● **TASK INSTRUCTIONS**:
From the entries below, please gather each line containing the string "Omega".
[DATA TO PROCESS — start]
(* Let $X$ be a Banach space and let $R:\Omega\to L(X)$ be a pseudo-resolvent which satisfies condition $\mathbf{(G_{k_0})}$ for some integer $k_0\ge1$. Then $$\ker R(\mu)^{k+1}=\ker R(\mu)^{k_0}\quad\text{and}\quad\overline{{\rm ran}\,R(\mu)^{k+1}}=\overline{{\rm ran}\,R(\mu)^{k_0}}$$ for all $\mu\in\Omega$ and all $k\ge k_0$.
   Context: Let $\Omega\subset\mathbb{C}$ be open. A map $R:\Omega\to L(X)$ is a pseudo-resolvent if $\frac{R(\lambda)-R(\mu)}{\mu-\lambda}=R(\lambda)R(\mu)$ for all $\lambda,\mu\in\Omega$ with $\lambda\neq\mu$. Condition $\mathbf{(G_k)}$ (for an integer $k\ge1$): there exist $M>0$ and a sequence $(\lambda_n)_{n\ge1}$ in $\Omega\cap\mathbb{R}$ with $\lambda_n\to\infty$ and $\|\lambda_n^{2-k}R(\lambda_n)\|\le M$ for all $n\ge1$. *)

theory Defs
  imports "HOL-Analysis.Analysis"
begin

text \<open>Complex Banach spaces: a real Banach space with a compatible complex scalar
multiplication (the distribution has no complex vector space class).\<close>

class complex_banach = banach +
  fixes scaleC :: "complex \<Rightarrow> 'a \<Rightarrow> 'a"  (infixr "*\<^sub>C" 75)
  assumes scaleC_add_right: "a *\<^sub>C (x + y) = a *\<^sub>C x + a *\<^sub>C y"
    and scaleC_add_left: "(a + b) *\<^sub>C x = a *\<^sub>C x + b *\<^sub>C x"
    and scaleC_scaleC: "a *\<^sub>C (b *\<^sub>C x) = (a * b) *\<^sub>C x"
    and scaleC_one: "1 *\<^sub>C x = x"
    and scaleC_of_real: "complex_of_real r *\<^sub>C x = r *\<^sub>R x"
    and norm_scaleC: "norm (a *\<^sub>C x) = cmod a * norm x"

definition bounded_clinear :: "('a::complex_banach \<Rightarrow> 'a) \<Rightarrow> bool" where
  "bounded_clinear T \<longleftrightarrow> bounded_linear T \<and> (\<forall>c x. T (c *\<^sub>C x) = c *\<^sub>C T x)"

definition pseudo_resolvent :: "complex set \<Rightarrow> (complex \<Rightarrow> 'a::complex_banach \<Rightarrow> 'a) \<Rightarrow> bool" where
  "pseudo_resolvent \<Omega> R \<longleftrightarrow> open \<Omega> \<and> (\<forall>z\<in>\<Omega>. bounded_clinear (R z)) \<and>
     (\<forall>z\<in>\<Omega>. \<forall>\<mu>\<in>\<Omega>. z \<noteq> \<mu> \<longrightarrow>
        (\<forall>x. inverse (\<mu> - z) *\<^sub>C (R z x - R \<mu> x) = R z (R \<mu> x)))"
[DATA TO PROCESS — finish]
● **REPLY**:
(* Let $X$ be a Banach space and let $R:\Omega\to L(X)$ be a pseudo-resolvent which satisfies condition $\mathbf{(G_{k_0})}$ for some integer $k_0\ge1$. Then $$\ker R(\mu)^{k+1}=\ker R(\mu)^{k_0}\quad\text{and}\quad\overline{{\rm ran}\,R(\mu)^{k+1}}=\overline{{\rm ran}\,R(\mu)^{k_0}}$$ for all $\mu\in\Omega$ and all $k\ge k_0$.
   Context: Let $\Omega\subset\mathbb{C}$ be open. A map $R:\Omega\to L(X)$ is a pseudo-resolvent if $\frac{R(\lambda)-R(\mu)}{\mu-\lambda}=R(\lambda)R(\mu)$ for all $\lambda,\mu\in\Omega$ with $\lambda\neq\mu$. Condition $\mathbf{(G_k)}$ (for an integer $k\ge1$): there exist $M>0$ and a sequence $(\lambda_n)_{n\ge1}$ in $\Omega\cap\mathbb{R}$ with $\lambda_n\to\infty$ and $\|\lambda_n^{2-k}R(\lambda_n)\|\le M$ for all $n\ge1$. *)
  "pseudo_resolvent \<Omega> R \<longleftrightarrow> open \<Omega> \<and> (\<forall>z\<in>\<Omega>. bounded_clinear (R z)) \<and>
     (\<forall>z\<in>\<Omega>. \<forall>\<mu>\<in>\<Omega>. z \<noteq> \<mu> \<longrightarrow>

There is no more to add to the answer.